Было тихо, только дождь стучал по крыше амбара. И вдруг среди тишины раздался голос Сенрена. Это был какой-то странный голос, казалось, он разговаривает сам с собой:

— Это я отвел ее в монастырь в последний раз. Графиня удивленно взглянула на него. Сенрен продолжал говорить таким же странным голосом:

— Я был их курьером… Когда у нее было послание для него, я относил его. Или приводил Хелоизу к нему по темным парижским улочкам. Я учился тогда у него, но я не был несмышленым мальчишкой, как другие ученики, вот почему Абелард выбрал меня. Я любил ее. Я так сильно любил ее, что иногда думал, что зря Питер доверяет ее мне, но позже я пришел к выводу, что он знал обо всем. Когда я видел, что он делает, мне хотелось убить его, но меня удерживало то, что она любила его. Он был для нее единственным любимым мужчиной, и, если бы я сделал то, о чем мечтал, она возненавидела бы меня. Я привел ее из монастыря повидаться с ним, после того как его кастрировали… Но им не суждено было встретиться, и я отвел ее обратно. Она очень любила смеяться… — Его голос неожиданно стал резким. — Этого ангела уже знали во всей Франции. Фулберт гордился ею. Он поддерживал все ее безрассудства, вплоть до желания учиться у него. Абелард был еще очень далек от своей славы. Он читал Овидия, изучал латинские трактаты и соблазнял девушек. Это было до того, как она забеременела от него и Абелард увез ее из Парижа в Британию. Он заставил ее оставить там ребенка и вернуться обратно. Питер, в конце концов, согласился жениться на ней, но жениться тайно, а затем убедил ее носить одежду послушницы.

Сенрен говорил с ненавистью. Констанция не знала, как остановить его воспоминания. Она молча наблюдала за ним. Он стоял почти обнаженный, с трясущимися руками.

— Ты хочешь знать, почему Питер Абелард хотел, чтобы его женитьба оставалась секретом? — спросил он, хотя Констанция не задавала ему никаких вопросов. — Фулберт был против тайного венчания, а Питера его брак, женитьба делали рабом, рабом человеческих страстей, рабом любви, наконец! Он же хотел посвятить себя церкви, стать ее рабом, но не мог этого сделать с женой и ребенком. Ты знаешь такие слова? — Сенрен произнес несколько слов на латыни, но Констанция отрицательно покачала головой, она не знала латыни.

— О! Это великие слова. Я знаю, что ты не понимаешь латыни. И зачем я это все тебе рассказываю? — спросил он себя, но продолжил: — Я умолял ее уйти со мной, я обещал любить, поддерживать ее и ребенка… Я говорил, что буду любить ее, оберегать до последних дней ее жизни. Но мои слова вызвали только гнев, Абелард был Богом для нее…
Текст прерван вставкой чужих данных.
lemma emeasure_std_gaussian_ball_pos:
  fixes c :: "real ^ 'p::finite"
  assumes "r > 0"
  shows "emeasure std_gaussian (ball c r) > 0"
proof -
  define e where "e = r / CARD('p)"
  define B where "B = PiE UNIV (\<lambda>i. {c $ i - e <..< c $ i + e})"
  have e: "e > 0"
    using assms by (simp add: e_def)
  have "B \<subseteq> (\<lambda>z. \<chi> i. z i) -` ball c r"
  proof
    fix z assume z: "z \<in> B"
    have "dist c (\<chi> i. z i) \<le> (\<Sum>i\<in>UNIV. \<bar>(c - (\<chi> i. z i)) $ i\<bar>)"
      unfolding dist_norm by (rule norm_le_l1_cart)
    also have "\<dots> < (\<Sum>i\<in>(UNIV :: 'p set). e)"
    proof (intro sum_strict_mono)
      fix i
      have "c $ i - e < z i \<and> z i < c $ i + e"
        using z by (auto simp: B_def)
      then show "\<bar>(c - (\<chi> i. z i)) $ i\<bar> < e"
        by (simp add: abs_less_iff)
    qed auto
    also have "\<dots> = r"
      by (simp add: e_def)
    finally show "z \<in> (\<lambda>z. \<chi> i. z i) -` ball c r"
      by simp
  qed
  then have "emeasure std_normal_PiM B \<le> emeasure std_normal_PiM ((\<lambda>z. \<chi> i. z i) -` ball c r \<inter> space std_normal_PiM)"
    by (intro emeasure_mono measurable_sets[OF measurable_vec_lambda_std_normal_PiM]) (auto simp: space_PiM)
  also have "\<dots> = emeasure std_gaussian (ball c r)"
    unfolding std_gaussian_def by (rule emeasure_distr[symmetric]) auto
  finally have B_le: "emeasure std_normal_PiM B \<le> emeasure std_gaussian (ball c r)" .
  have B_eq: "emeasure std_normal_PiM B = (\<Prod>i\<in>UNIV. emeasure std_normal_measure {c $ i - e <..< c $ i + e})"
  proof -
    interpret product_prob_space "\<lambda>_::'p. std_normal_measure"
      by (intro product_prob_spaceI prob_space_std_normal_measure)
    show ?thesis
      unfolding B_def by (rule emeasure_PiM) auto
  qed
  have "emeasure std_normal_measure {a <..< b} \<noteq> 0" if "a < b" for a b
  proof -
    have "{a <..< b} \<notin> null_sets lborel"
      using that by (simp add: null_sets_def)
    then have "{a <..< b} \<notin> null_sets std_normal_measure"
      using null_sets_std_normal_measure by blast
    then show ?thesis
      by (auto simp: null_sets_def sets_std_normal_measure)
  qed
  then show ?thesis
    using e B_le B_eq by (auto simp: zero_less_iff_neq_zero prod_zero_iff)
qed

lemma prob_space_gaussian_matrix: "prob_space (gaussian_matrix m)"
  unfolding gaussian_matrix_def by (intro prob_space_PiM prob_space_std_normal_measure)

text \<open>Points of the product space are extensional, so entries outside the index set are the
  constant undefined; this lets the measurability prover ignore the bound j < m.\<close>

lemma measurable_gaussian_matrix_entry [measurable]:
  "(\<lambda>G. G ij) \<in> borel_measurable (gaussian_matrix m)"
proof (cases "ij \<in> UNIV \<times> {..<m}")
  case True
  then show ?thesis
    unfolding gaussian_matrix_def by measurable
next
  case False
  then obtain i j where "ij = (i, j)" "m \<le> j"
    by (cases ij) auto
  then show ?thesis
    unfolding gaussian_matrix_def
    by (subst measurable_cong[where g = "\<lambda>_. undefined"]) (auto simp: space_PiM PiE_def extensional_def)
qed

lemma measurable_gcol [measurable]: "(\<lambda>G. gcol G j) \<in> borel_measurable (gaussian_matrix m)"
  unfolding gcol_def by (rule borel_measurable_vec_lambda) measurable

lemma distr_gcol_gaussian_matrix:
  assumes "j < m"
  shows "distr (gaussian_matrix m) borel (\<lambda>G. gcol G j) = (std_gaussian :: (real ^ 'p::finite) measure)"
proof -
  let ?col = "\<lambda>G :: 'p \<times> nat \<Rightarrow> real. \<lambda>i\<in>UNIV. G (i, j)"
  have [measurable]: "?col \<in> measurable (gaussian_matrix m) std_normal_PiM"
    by measurable
  have col_distr: "distr (gaussian_matrix m) std_normal_PiM ?col = std_normal_PiM"
    unfolding gaussian_matrix_def using assms
    by (intro distr_PiM_reindex) (auto simp: prob_space_std_normal_measure inj_on_def)
  have "(\<lambda>G. gcol G j) = (\<lambda>z. \<chi> i. z i) \<circ> ?col"
    by (simp add: gcol_def fun_eq_iff)
  then have "distr (gaussian_matrix m) borel (\<lambda>G. gcol G j)
      = distr (distr (gaussian_matrix m) std_normal_PiM ?col) borel (\<lambda>z. \<chi> i. z i)"
    by (simp add: distr_distr)
  then show ?thesis
    by (simp add: col_distr std_gaussian_def)
qed

lemma indep_vars_gaussian_matrix_entries:
  assumes "m > 0"
  shows "prob_space.indep_vars (gaussian_matrix m) (\<lambda>_. std_normal_measure) (\<lambda>ij G. G ij)
    (UNIV \<times> {..<m} :: ('p::finite \<times> nat) set)"
proof -
  let ?I = "UNIV \<times> {..<m} :: ('p \<times> nat) set"
  interpret prob_space "gaussian_matrix m :: ('p \<times> nat \<Rightarrow> real) measure"
    by (rule prob_space_gaussian_matrix)
  have "distr (gaussian_matrix m) (PiM ?I (\<lambda>_. std_normal_measure)) (\<lambda>G. \<lambda>ij\<in>?I. G ij) = gaussian_matrix m"
    unfolding gaussian_matrix_def
    by (subst distr_cong[where g = "\<lambda>x. x", OF refl refl]) (auto simp: space_PiM PiE_def extensional_restrict)
  also have "\<dots> = PiM ?I (\<lambda>ij. distr (gaussian_matrix m) std_normal_measure (\<lambda>G. G ij))"
    unfolding gaussian_matrix_def
    by (rule PiM_cong) (auto intro!: distr_PiM_component[OF prob_space_std_normal_measure, symmetric])
  finally show ?thesis
    using assms by (subst indep_vars_iff_distr_eq_PiM') (auto simp: gaussian_matrix_def)
qed

lemma indep_vars_gcol:
  assumes "m > 0"
  shows "prob_space.indep_vars (gaussian_matrix m) (\<lambda>_. borel) (\<lambda>j G. gcol G j :: real ^ 'p::finite) {..<m}"
proof -
  interpret prob_space "gaussian_matrix m :: ('p \<times> nat \<Rightarrow> real) measure"
    by (rule prob_space_gaussian_matrix)
  let ?K = "\<lambda>j. UNIV \<times> {j} :: ('p \<times> nat) set"
  have "indep_vars (\<lambda>j. PiM (?K j) (\<lambda>_. std_normal_measure)) (\<lambda>j G. restrict G (?K j)) {..<m}"
    by (rule indep_vars_restrict[OF indep_vars_gaussian_matrix_entries[OF assms]])
      (auto simp: disjoint_family_on_def)
  moreover have "(\<lambda>G. \<chi> i. G (i, j)) \<in> measurable (PiM (?K j) (\<lambda>_. std_normal_measure)) borel" for j
    using measurable_component_singleton[of _ "?K j" "\<lambda>_. std_normal_measure"]
    by (intro borel_measurable_vec_lambda) (simp add: measurable_cong_sets[OF refl sets_std_normal_measure])
  ultimately have "indep_vars (\<lambda>_. borel) (\<lambda>j G. \<chi> i. restrict G (?K j) (i, j)) {..<m}"
    by (rule indep_vars_compose2)
  then show ?thesis
    by (simp add: gcol_def)
qed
Констанция положила руку ему на лоб.

Не волнуйся, это уже в прошлом, — как можно спокойнее проговорила она

— В прошлом?! — вспылил он. — Я рассказываю, что было! Он любил ее! Да, да! Любил, великий Питер! Он выглядел как человек, потерявший рассудок!

Графиня присела около него.

— Но это все в прошлом, ты только мучаешь себя этими воспоминаниями, — прошептала она.

— Ты не понимаешь! Один знаменитый философ кастрировал себя сам, чтобы укротить свою плоть и не быть зависимым от женщин, и я знаю, как работал мозг Питера. Он хотел избавиться от Хелоизы, чтобы укротить свою плоть, чтобы стать свободным!

Его трясло, Констанция обняла его обнаженные плечи и притянула к себе. Было темно, и они едва могли видеть друг друга. Она хотела любить его, но не знала, как лучше к нему подступиться, он еще находился во власти воспоминаний.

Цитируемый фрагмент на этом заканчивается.